Heading South in Georgia and Florida PAGE 40.

July 28, 2019: It is SUNDAY after lunch and a visit with Linda's daughter in Atlanta.  Now we get to see what traffic problems lay ahead of us today.  This aerial image looking south shows the crossing and junctions of three interstate highways just south of the State Capitol and near where the first Atlanta Braves Stadium was located.  A new stadium was built to accommodate the 1996 Olympic Games.  The old stadium location is painted on one of the parking lots for the new stadium.  I-75 and I-85 joined north of the main business district and I-20 cuts across the middle of the city going East and West and connects to I-75 and I-85 as seen below.

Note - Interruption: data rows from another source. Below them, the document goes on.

lemma br_incl_hom: "(br_incl n :: _ \<Rightarrow> (nat \<times> nat \<times> 'a::ring) word set \<times> nat word set) \<in> hom (Br n) (StBr n)"
proof -
  interpret S: group "St n :: (nat \<times> nat \<times> 'a) word set monoid" by (rule group_St)
  show ?thesis
    by (rule homI)
      (auto simp: br_incl_def StBr_carrier StBr_mult st_act_one[OF perm_of_braid_permutes])
qed

lemma st_incl_mult_br_incl:
  "s \<in> carrier (St n) \<Longrightarrow> b \<in> carrier (Br n) \<Longrightarrow>
    st_incl n s \<otimes>\<^bsub>StBr n\<^esub> br_incl n b = (s :: (nat \<times> nat \<times> 'a::ring) word set, b)"
proof -
  interpret S: group "St n :: (nat \<times> nat \<times> 'a) word set monoid" by (rule group_St)
  interpret B: group "Br n" by (rule group_Br)
  show "s \<in> carrier (St n) \<Longrightarrow> b \<in> carrier (Br n) \<Longrightarrow> st_incl n s \<otimes>\<^bsub>StBr n\<^esub> br_incl n b = (s, b)"
    by (simp add: st_incl_def br_incl_def StBr_mult perm_of_braid_one st_act_id)
qed

lemma br_incl_mult_st_incl:
  "s \<in> carrier (St n) \<Longrightarrow> b \<in> carrier (Br n) \<Longrightarrow>
    br_incl n b \<otimes>\<^bsub>StBr n\<^esub> st_incl n s =
    st_incl n (st_act n (perm_of_braid b) (s :: (nat \<times> nat \<times> 'a::ring) word set)) \<otimes>\<^bsub>StBr n\<^esub> br_incl n b"
proof -
  interpret S: group "St n :: (nat \<times> nat \<times> 'a) word set monoid" by (rule group_St)
  interpret B: group "Br n" by (rule group_Br)
  show "s \<in> carrier (St n) \<Longrightarrow> b \<in> carrier (Br n) \<Longrightarrow> br_incl n b \<otimes>\<^bsub>StBr n\<^esub> st_incl n s =
      st_incl n (st_act n (perm_of_braid b) s) \<otimes>\<^bsub>StBr n\<^esub> br_incl n b"
    by (simp add: st_incl_def br_incl_def StBr_mult perm_of_braid_one st_act_id
        st_act_closed[OF perm_of_braid_permutes] st_act_one[OF perm_of_braid_permutes])
qed

definition (in group) cj :: "'a \<Rightarrow> 'a \<Rightarrow> 'a" where
  "cj g x = g \<otimes> x \<otimes> inv g"

context group
begin

lemma inv_mult_cancel_left [simp]: "g \<in> carrier G \<Longrightarrow> x \<in> carrier G \<Longrightarrow> inv g \<otimes> (g \<otimes> x) = x"
  by (simp add: m_assoc[symmetric])

lemma mult_inv_cancel_left [simp]: "g \<in> carrier G \<Longrightarrow> x \<in> carrier G \<Longrightarrow> g \<otimes> (inv g \<otimes> x) = x"
  by (simp add: m_assoc[symmetric])

lemma mult_inv_cancel_right [simp]: "g \<in> carrier G \<Longrightarrow> x \<in> carrier G \<Longrightarrow> x \<otimes> g \<otimes> inv g = x"
  by (simp add: m_assoc)

lemma inv_mult_cancel_right [simp]: "g \<in> carrier G \<Longrightarrow> x \<in> carrier G \<Longrightarrow> x \<otimes> inv g \<otimes> g = x"
  by (simp add: m_assoc)

lemma cj_closed [simp]: "g \<in> carrier G \<Longrightarrow> x \<in> carrier G \<Longrightarrow> cj g x \<in> carrier G"
  by (simp add: cj_def)

lemma cj_mult_left:
  "g \<in> carrier G \<Longrightarrow> h \<in> carrier G \<Longrightarrow> x \<in> carrier G \<Longrightarrow> cj (g \<otimes> h) x = cj g (cj h x)"
  by (simp add: cj_def inv_mult_group m_assoc)

lemma cj_mult_right:
  "g \<in> carrier G \<Longrightarrow> x \<in> carrier G \<Longrightarrow> z \<in> carrier G \<Longrightarrow> cj g (x \<otimes> z) = cj g x \<otimes> cj g z"
  by (simp add: cj_def m_assoc)

lemma cj_eq_iff:
  assumes "g \<in> carrier G" "x \<in> carrier G" "z \<in> carrier G"
  shows "cj g x = z \<longleftrightarrow> g \<otimes> x = z \<otimes> g"
proof -
  have "cj g x = z \<longleftrightarrow> cj g x \<otimes> g = z \<otimes> g" using assms by (intro right_cancel[symmetric]) auto
  also have "cj g x \<otimes> g = g \<otimes> x" using assms by (simp add: cj_def m_assoc)
  finally show ?thesis .
qed

lemma cj_one_left [simp]: "x \<in> carrier G \<Longrightarrow> cj \<one> x = x"
  by (simp add: cj_def)

lemma cj_one_right [simp]: "g \<in> carrier G \<Longrightarrow> cj g \<one> = \<one>"
  by (simp add: cj_def)

lemma cj_inv_cj [simp]: "g \<in> carrier G \<Longrightarrow> x \<in> carrier G \<Longrightarrow> cj (inv g) (cj g x) = x"
  by (simp add: cj_def m_assoc)

lemma cj_cj_inv [simp]: "g \<in> carrier G \<Longrightarrow> x \<in> carrier G \<Longrightarrow> cj g (cj (inv g) x) = x"
  by (simp add: cj_def m_assoc)

lemma cj_inv_fixed: "g \<in> carrier G \<Longrightarrow> x \<in> carrier G \<Longrightarrow> cj g x = x \<Longrightarrow> cj (inv g) x = x"
  by (metis cj_inv_cj)

lemma cj_commute:
  "g \<in> carrier G \<Longrightarrow> h \<in> carrier G \<Longrightarrow> x \<in> carrier G \<Longrightarrow> g \<otimes> h = h \<otimes> g \<Longrightarrow>
   cj g (cj h x) = cj h (cj g x)"
  by (simp add: cj_mult_left[symmetric])

lemma cj_hom: "g \<in> carrier G \<Longrightarrow> cj g \<in> hom G G"
  by (rule homI) (auto simp: cj_mult_right)

lemma cj_preserves_commute:
  "g \<in> carrier G \<Longrightarrow> x \<in> carrier G \<Longrightarrow> z \<in> carrier G \<Longrightarrow> x \<otimes> z = z \<otimes> x \<Longrightarrow>
   cj g x \<otimes> cj g z = cj g z \<otimes> cj g x"
  by (simp add: cj_mult_right[symmetric])

end

section \<open>Groups satisfying the relations of the parametrized braid group\<close>

locale param_braid_relations = group G for G :: "('g, 'm) monoid_scheme" (structure) +
  fixes n :: nat and y :: "nat \<Rightarrow> 'a::ring \<Rightarrow> 'g"
  assumes y_closed: "\<lbrakk>1 \<le> i; i \<le> n - 1\<rbrakk> \<Longrightarrow> y i a \<in> carrier G"
  and A1: "\<lbrakk>1 \<le> i; i \<le> n - 1\<rbrakk> \<Longrightarrow> y i a \<otimes> y i 0 \<otimes> y i b = y i 0 \<otimes> y i 0 \<otimes> y i (a + b)"
  and A1xA1: "\<lbrakk>1 \<le> i; i \<le> n - 1; 1 \<le> j; j \<le> n - 1; i + 2 \<le> j \<or> j + 2 \<le> i\<rbrakk> \<Longrightarrow>
      y i a \<otimes> y j b = y j b \<otimes> y i a"
  and A2: "\<lbrakk>1 \<le> i; i + 1 \<le> n - 1\<rbrakk> \<Longrightarrow>
      y i a \<otimes> y (i + 1) b \<otimes> y i c = y (i + 1) c \<otimes> y i (b + a * c) \<otimes> y (i + 1) a"
begin

text \<open>\<open>t i\<close> and \<open>X i a\<close> are the candidate preimages of \<open>y\<^sub>i\<close> and \<open>x\<^sub>i\<^sub>,\<^sub>i\<^sub>+\<^sub>1\<^sup>a\<close>,
  \<open>Z i a\<close> that of \<open>x\<^sub>i\<^sub>+\<^sub>1\<^sub>,\<^sub>i\<^sup>a\<close>.\<close>

definition t :: "nat \<Rightarrow> 'g" where "t i = y i 0"
definition X :: "nat \<Rightarrow> 'a \<Rightarrow> 'g" where "X i a = y i a \<otimes> inv (t i)"
definition Z :: "nat \<Rightarrow> 'a \<Rightarrow> 'g" where "Z i a = cj (t i) (X i a)"

lemma t_closed [simp]: "1 \<le> i \<Longrightarrow> i \<le> n - 1 \<Longrightarrow> t i \<in> carrier G"
  by (simp add: t_def y_closed)

lemma X_closed [simp]: "1 \<le> i \<Longrightarrow> i \<le> n - 1 \<Longrightarrow> X i a \<in> carrier G"
  by (simp add: X_def y_closed)

lemma X_zero [simp]: "1 \<le> i \<Longrightarrow> i \<le> n - 1 \<Longrightarrow> X i 0 = \<one>"
  by (simp add: X_def t_def y_closed)

lemma y_eq_X_t: "1 \<le> i \<Longrightarrow> i \<le> n - 1 \<Longrightarrow> y i a = X i a \<otimes> t i"
  by (simp add: X_def m_assoc y_closed)

lemma X_t_sq_commute: assumes "1 \<le> i" "i \<le> n - 1"
  shows "X i a \<otimes> t i \<otimes> t i = t i \<otimes> t i \<otimes> X i a"
proof -
  have "y i a \<otimes> y i 0 \<otimes> y i 0 = y i 0 \<otimes> y i 0 \<otimes> y i a" using A1[OF assms, of a 0] by simp
  then show ?thesis using assms by (simp add: y_eq_X_t m_assoc[symmetric])
qed

lemma cj_t_sq_X: assumes "1 \<le> i" "i \<le> n - 1"
  shows "cj (t i) (cj (t i) (X i a)) = X i a"
  using assms X_t_sq_commute[OF assms] by (simp add: cj_mult_left[symmetric] cj_eq_iff m_assoc[symmetric])

lemma X_add: assumes "1 \<le> i" "i \<le> n - 1"
  shows "X i a \<otimes> X i b = X i (a + b)"
proof -
  have "X i a \<otimes> t i \<otimes> t i \<otimes> X i b = t i \<otimes> t i \<otimes> X i (a + b)"
    using A1[OF assms, of a b] assms by (simp add: y_eq_X_t m_assoc[symmetric])
  then have "(t i \<otimes> t i) \<otimes> (X i a \<otimes> X i b) = (t i \<otimes> t i) \<otimes> X i (a + b)"
    using X_t_sq_commute[OF assms] assms by (simp add: m_assoc[symmetric])
  then show ?thesis using assms by simp
qed

lemma t_commute_far: assumes "1 \<le> i" "i \<le> n - 1" "1 \<le> j" "j \<le> n - 1" "i + 2 \<le> j \<or> j + 2 \<le> i"
  shows "t i \<otimes> t j = t j \<otimes> t i"
  using A1xA1[OF assms, of 0 0] by (simp add: t_def)

lemma X_t_commute_far: assumes "1 \<le> i" "i \<le> n - 1" "1 \<le> j" "j \<le> n - 1" "i + 2 \<le> j \<or> j + 2 \<le> i"
  shows "X i a \<otimes> t j = t j \<otimes> X i a"
proof -
  have "X i a \<otimes> t i \<otimes> t j = t j \<otimes> X i a \<otimes> t i"
    using A1xA1[OF assms, of a 0] assms by (simp add: y_eq_X_t m_assoc[symmetric])
  then have "X i a \<otimes> t j \<otimes> t i = t j \<otimes> X i a \<otimes> t i"
    using t_commute_far[OF assms] assms by (simp add: m_assoc)
  then show ?thesis using assms by simp
qed

lemma cj_t_X_far: assumes "1 \<le> i" "i \<le> n - 1" "1 \<le> j" "j \<le> n - 1" "i + 2 \<le> j \<or> j + 2 \<le> i"
  shows "cj (t j) (X i a) = X i a"
  using assms X_t_commute_far[OF assms] by (simp add: cj_eq_iff)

I-75 and I-85 pass the Olympic Stadium going south as seen here at the left side of this image.  Southbound traffic starts to open up here, while northbound traffic can get heavy with some traffic getting on I-20 going East and West.  The majority of northbound traffic here is following I-75 and I-85 via the downtown connector around the big curve and up past Georgia Tech as seen on page 39 from earlier today.

Here is another aerial view of the south side of Atlanta and the world's busiest airport.  There are FIVE parallel runways with their adjacent taxiways.  There are SIX terminal buildings  connected by underground subway trains.  The intersection where I-75 and I-85 split to pass by the airport on the East and West sides is evident in the bottom of this image.  That 63-mile loop around the city known as I-285 is seen at the right side of the image without a route number.  I-85 exits southwest near the top right corner of the image at the same intersection where I-285 turns East and passes on the south side of the airport.  When the southernmost runway was built, the runway and the associated taxiway were built on OVERPASSES across the interstate highway.  Over at the left of this image you can see a RED and BLUE interstate shield covered with a state highway symbol 407, which is the state of Georgia route number for Interstate 285.  We are following I-75 down past the East side of the Atlanta Airport near the little town of Mountain View.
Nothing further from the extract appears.